Required action: Your answer must be a single number: the count of lines in the entries below that hold "subseteq".

Given records:
"""

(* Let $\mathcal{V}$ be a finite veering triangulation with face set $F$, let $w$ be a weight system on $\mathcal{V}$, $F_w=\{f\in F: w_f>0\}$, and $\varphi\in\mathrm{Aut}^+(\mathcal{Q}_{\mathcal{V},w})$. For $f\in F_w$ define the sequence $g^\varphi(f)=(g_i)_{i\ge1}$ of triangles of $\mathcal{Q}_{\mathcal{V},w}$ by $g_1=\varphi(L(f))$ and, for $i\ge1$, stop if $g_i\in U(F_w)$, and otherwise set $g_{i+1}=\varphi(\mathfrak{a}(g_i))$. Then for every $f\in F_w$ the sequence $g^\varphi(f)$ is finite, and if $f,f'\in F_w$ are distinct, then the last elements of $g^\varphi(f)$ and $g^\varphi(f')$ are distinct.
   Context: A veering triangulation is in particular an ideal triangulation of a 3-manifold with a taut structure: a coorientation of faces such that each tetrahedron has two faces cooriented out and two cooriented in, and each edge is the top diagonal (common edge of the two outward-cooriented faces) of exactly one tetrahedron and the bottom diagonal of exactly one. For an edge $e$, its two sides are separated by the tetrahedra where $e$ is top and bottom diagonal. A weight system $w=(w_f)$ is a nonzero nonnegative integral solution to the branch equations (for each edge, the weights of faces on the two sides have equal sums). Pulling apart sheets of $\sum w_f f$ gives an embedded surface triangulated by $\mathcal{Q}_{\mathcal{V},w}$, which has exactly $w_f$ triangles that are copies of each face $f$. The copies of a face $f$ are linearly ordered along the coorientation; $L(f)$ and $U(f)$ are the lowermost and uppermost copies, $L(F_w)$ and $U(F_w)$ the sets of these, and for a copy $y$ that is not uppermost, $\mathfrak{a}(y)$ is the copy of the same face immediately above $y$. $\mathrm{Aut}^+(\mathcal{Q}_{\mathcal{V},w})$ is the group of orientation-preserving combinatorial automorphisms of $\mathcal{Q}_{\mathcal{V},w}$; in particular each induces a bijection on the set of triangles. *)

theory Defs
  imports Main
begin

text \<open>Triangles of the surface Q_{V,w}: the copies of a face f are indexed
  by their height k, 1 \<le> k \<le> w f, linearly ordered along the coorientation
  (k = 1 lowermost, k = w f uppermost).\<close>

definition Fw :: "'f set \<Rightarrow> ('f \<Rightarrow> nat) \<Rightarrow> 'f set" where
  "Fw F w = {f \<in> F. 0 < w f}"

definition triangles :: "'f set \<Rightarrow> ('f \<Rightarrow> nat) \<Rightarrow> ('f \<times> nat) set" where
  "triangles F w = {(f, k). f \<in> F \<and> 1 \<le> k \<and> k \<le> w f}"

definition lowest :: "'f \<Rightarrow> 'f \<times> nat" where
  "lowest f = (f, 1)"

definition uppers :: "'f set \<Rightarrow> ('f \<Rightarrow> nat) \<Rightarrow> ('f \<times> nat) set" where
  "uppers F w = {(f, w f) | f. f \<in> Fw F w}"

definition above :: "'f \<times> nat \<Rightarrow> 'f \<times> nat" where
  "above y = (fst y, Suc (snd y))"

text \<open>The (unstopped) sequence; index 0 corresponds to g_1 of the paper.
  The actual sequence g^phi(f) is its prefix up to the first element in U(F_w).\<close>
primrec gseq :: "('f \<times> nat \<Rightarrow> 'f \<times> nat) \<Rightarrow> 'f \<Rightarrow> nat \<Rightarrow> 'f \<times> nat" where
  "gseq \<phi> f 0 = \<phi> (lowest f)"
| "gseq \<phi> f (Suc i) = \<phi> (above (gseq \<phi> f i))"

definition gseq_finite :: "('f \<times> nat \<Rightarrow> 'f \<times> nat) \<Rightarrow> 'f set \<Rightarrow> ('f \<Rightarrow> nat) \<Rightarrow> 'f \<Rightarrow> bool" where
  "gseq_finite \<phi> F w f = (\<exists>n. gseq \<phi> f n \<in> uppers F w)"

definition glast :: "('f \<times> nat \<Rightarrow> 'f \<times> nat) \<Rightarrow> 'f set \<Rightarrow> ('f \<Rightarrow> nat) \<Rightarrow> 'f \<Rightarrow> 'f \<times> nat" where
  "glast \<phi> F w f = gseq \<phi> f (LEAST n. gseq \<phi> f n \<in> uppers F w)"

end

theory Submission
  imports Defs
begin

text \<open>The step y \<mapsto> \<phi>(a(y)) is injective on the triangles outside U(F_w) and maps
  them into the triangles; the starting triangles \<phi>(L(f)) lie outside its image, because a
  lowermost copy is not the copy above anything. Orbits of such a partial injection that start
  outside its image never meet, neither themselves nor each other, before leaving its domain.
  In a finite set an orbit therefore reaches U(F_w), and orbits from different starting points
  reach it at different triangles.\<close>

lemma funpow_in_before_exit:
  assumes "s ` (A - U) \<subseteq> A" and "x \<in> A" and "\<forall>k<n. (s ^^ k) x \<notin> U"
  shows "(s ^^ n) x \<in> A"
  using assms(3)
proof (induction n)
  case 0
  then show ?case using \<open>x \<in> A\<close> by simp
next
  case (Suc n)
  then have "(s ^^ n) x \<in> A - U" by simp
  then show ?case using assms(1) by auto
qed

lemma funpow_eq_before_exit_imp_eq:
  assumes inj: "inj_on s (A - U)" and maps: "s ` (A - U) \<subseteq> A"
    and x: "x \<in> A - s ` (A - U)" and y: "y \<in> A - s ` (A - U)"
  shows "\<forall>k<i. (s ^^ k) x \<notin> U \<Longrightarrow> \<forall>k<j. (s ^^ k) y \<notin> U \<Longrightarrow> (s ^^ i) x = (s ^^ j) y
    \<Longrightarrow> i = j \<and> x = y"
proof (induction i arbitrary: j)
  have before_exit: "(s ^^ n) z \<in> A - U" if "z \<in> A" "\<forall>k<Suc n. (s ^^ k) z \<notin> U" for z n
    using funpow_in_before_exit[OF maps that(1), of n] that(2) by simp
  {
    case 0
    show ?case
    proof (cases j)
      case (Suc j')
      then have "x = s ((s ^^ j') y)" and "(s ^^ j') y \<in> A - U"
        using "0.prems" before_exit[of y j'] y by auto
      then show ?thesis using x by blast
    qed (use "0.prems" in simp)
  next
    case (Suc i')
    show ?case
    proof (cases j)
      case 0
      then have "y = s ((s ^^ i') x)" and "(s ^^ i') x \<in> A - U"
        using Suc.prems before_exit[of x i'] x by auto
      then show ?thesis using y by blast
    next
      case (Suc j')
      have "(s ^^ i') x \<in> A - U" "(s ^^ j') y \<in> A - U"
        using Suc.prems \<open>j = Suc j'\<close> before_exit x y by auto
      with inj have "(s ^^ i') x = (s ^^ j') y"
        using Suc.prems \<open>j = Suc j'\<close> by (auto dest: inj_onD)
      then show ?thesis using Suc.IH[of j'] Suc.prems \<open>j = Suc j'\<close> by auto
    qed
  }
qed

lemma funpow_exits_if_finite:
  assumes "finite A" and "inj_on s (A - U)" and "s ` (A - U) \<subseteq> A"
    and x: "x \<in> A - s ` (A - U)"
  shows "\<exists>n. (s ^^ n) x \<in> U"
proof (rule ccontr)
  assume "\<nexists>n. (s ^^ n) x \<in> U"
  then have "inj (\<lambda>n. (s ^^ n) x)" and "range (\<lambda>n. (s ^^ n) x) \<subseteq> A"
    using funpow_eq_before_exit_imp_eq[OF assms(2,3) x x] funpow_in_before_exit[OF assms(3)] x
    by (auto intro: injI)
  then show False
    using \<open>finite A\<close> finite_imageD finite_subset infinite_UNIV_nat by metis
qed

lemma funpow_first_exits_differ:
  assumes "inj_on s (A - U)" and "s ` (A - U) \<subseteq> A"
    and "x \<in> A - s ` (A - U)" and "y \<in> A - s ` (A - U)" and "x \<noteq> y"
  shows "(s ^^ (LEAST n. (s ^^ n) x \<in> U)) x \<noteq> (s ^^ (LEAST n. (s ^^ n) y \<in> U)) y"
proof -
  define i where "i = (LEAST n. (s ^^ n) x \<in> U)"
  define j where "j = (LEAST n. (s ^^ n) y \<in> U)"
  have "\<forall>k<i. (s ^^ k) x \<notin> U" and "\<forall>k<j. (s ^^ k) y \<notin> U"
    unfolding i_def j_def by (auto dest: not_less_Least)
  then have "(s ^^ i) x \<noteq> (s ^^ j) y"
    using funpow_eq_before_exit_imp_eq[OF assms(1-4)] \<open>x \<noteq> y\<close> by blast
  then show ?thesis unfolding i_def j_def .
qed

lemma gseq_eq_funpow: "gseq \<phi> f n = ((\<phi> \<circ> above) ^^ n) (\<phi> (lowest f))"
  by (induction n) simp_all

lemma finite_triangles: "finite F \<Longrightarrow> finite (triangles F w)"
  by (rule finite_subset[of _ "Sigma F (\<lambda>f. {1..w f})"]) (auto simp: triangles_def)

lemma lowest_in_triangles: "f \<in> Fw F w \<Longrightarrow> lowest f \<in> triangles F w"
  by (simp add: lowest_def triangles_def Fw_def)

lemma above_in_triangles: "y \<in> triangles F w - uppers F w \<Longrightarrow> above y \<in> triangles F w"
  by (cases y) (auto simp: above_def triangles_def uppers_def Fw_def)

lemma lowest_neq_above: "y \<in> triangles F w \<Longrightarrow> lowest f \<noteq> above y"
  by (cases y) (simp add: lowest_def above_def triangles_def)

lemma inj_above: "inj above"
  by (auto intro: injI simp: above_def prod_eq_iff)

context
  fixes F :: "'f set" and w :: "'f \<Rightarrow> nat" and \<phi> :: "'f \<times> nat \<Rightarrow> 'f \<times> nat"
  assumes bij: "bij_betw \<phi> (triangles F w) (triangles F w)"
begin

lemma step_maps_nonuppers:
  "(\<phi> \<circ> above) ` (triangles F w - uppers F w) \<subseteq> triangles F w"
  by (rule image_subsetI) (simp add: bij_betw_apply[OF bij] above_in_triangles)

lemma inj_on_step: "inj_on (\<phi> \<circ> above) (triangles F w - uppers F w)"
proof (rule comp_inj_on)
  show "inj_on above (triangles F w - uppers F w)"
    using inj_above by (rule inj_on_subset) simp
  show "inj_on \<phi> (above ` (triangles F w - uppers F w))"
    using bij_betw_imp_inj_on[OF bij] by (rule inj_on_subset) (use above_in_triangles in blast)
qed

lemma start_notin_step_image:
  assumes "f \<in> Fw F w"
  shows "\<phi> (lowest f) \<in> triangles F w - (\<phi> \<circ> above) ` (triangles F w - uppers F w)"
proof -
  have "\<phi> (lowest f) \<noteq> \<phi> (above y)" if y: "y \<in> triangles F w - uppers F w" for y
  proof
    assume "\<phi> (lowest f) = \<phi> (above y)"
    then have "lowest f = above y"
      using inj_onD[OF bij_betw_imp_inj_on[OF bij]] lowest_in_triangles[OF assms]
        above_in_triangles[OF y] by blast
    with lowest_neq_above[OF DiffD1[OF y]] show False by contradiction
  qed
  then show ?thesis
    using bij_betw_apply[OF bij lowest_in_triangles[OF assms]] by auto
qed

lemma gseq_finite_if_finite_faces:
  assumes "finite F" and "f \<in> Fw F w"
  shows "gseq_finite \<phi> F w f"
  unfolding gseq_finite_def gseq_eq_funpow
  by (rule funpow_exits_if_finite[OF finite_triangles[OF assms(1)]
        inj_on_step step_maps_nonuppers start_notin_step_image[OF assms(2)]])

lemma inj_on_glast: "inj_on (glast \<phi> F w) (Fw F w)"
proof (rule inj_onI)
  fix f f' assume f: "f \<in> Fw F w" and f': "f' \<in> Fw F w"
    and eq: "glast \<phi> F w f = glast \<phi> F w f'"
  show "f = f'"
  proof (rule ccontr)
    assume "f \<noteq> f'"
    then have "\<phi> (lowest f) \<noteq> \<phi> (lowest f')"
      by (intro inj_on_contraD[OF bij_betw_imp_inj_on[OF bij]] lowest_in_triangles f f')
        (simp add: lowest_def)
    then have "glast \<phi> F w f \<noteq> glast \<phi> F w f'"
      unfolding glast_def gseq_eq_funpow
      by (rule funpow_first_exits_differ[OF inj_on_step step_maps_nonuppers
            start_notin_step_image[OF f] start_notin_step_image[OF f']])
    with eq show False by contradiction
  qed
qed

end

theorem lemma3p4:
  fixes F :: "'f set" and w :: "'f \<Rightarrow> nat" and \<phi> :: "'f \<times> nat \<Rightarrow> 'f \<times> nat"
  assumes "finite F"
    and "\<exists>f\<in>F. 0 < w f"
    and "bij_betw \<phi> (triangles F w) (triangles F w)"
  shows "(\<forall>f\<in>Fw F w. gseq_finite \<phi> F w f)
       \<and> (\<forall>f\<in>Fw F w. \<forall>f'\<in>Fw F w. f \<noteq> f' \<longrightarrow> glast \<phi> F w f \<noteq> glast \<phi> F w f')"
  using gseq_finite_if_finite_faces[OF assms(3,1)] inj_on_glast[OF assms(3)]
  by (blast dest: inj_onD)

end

"""
"""

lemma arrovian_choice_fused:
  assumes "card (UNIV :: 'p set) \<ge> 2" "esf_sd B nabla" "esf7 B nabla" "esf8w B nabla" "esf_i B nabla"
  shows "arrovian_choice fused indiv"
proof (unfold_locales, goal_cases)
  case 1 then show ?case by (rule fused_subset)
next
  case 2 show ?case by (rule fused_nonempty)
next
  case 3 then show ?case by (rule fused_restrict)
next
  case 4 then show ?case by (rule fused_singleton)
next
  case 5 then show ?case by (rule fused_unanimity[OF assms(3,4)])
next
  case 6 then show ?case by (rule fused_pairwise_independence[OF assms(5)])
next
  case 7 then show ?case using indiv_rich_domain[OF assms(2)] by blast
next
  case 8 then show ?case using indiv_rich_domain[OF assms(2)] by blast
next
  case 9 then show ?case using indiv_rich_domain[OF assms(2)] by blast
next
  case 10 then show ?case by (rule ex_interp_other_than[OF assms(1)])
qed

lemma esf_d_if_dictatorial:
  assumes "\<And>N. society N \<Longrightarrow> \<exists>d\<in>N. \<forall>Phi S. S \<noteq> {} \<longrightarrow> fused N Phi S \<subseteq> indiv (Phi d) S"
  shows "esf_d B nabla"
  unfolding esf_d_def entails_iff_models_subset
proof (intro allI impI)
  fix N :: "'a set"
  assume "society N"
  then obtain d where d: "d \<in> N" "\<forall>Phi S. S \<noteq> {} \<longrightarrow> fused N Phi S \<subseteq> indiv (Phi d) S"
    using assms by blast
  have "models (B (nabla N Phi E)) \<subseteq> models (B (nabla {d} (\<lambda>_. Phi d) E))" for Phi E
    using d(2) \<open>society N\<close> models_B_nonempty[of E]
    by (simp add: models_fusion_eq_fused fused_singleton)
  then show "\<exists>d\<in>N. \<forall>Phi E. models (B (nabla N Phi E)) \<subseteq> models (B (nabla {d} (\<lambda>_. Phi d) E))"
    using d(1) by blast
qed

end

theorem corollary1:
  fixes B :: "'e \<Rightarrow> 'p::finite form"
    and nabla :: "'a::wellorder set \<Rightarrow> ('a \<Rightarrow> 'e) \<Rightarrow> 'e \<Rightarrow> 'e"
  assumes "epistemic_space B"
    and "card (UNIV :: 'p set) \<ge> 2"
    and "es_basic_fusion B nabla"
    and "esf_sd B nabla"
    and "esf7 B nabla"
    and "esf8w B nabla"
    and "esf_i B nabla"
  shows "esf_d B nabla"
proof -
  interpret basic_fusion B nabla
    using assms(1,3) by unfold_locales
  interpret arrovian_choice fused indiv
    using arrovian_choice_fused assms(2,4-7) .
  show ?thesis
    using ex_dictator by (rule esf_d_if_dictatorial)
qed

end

"""

Exercise result: 10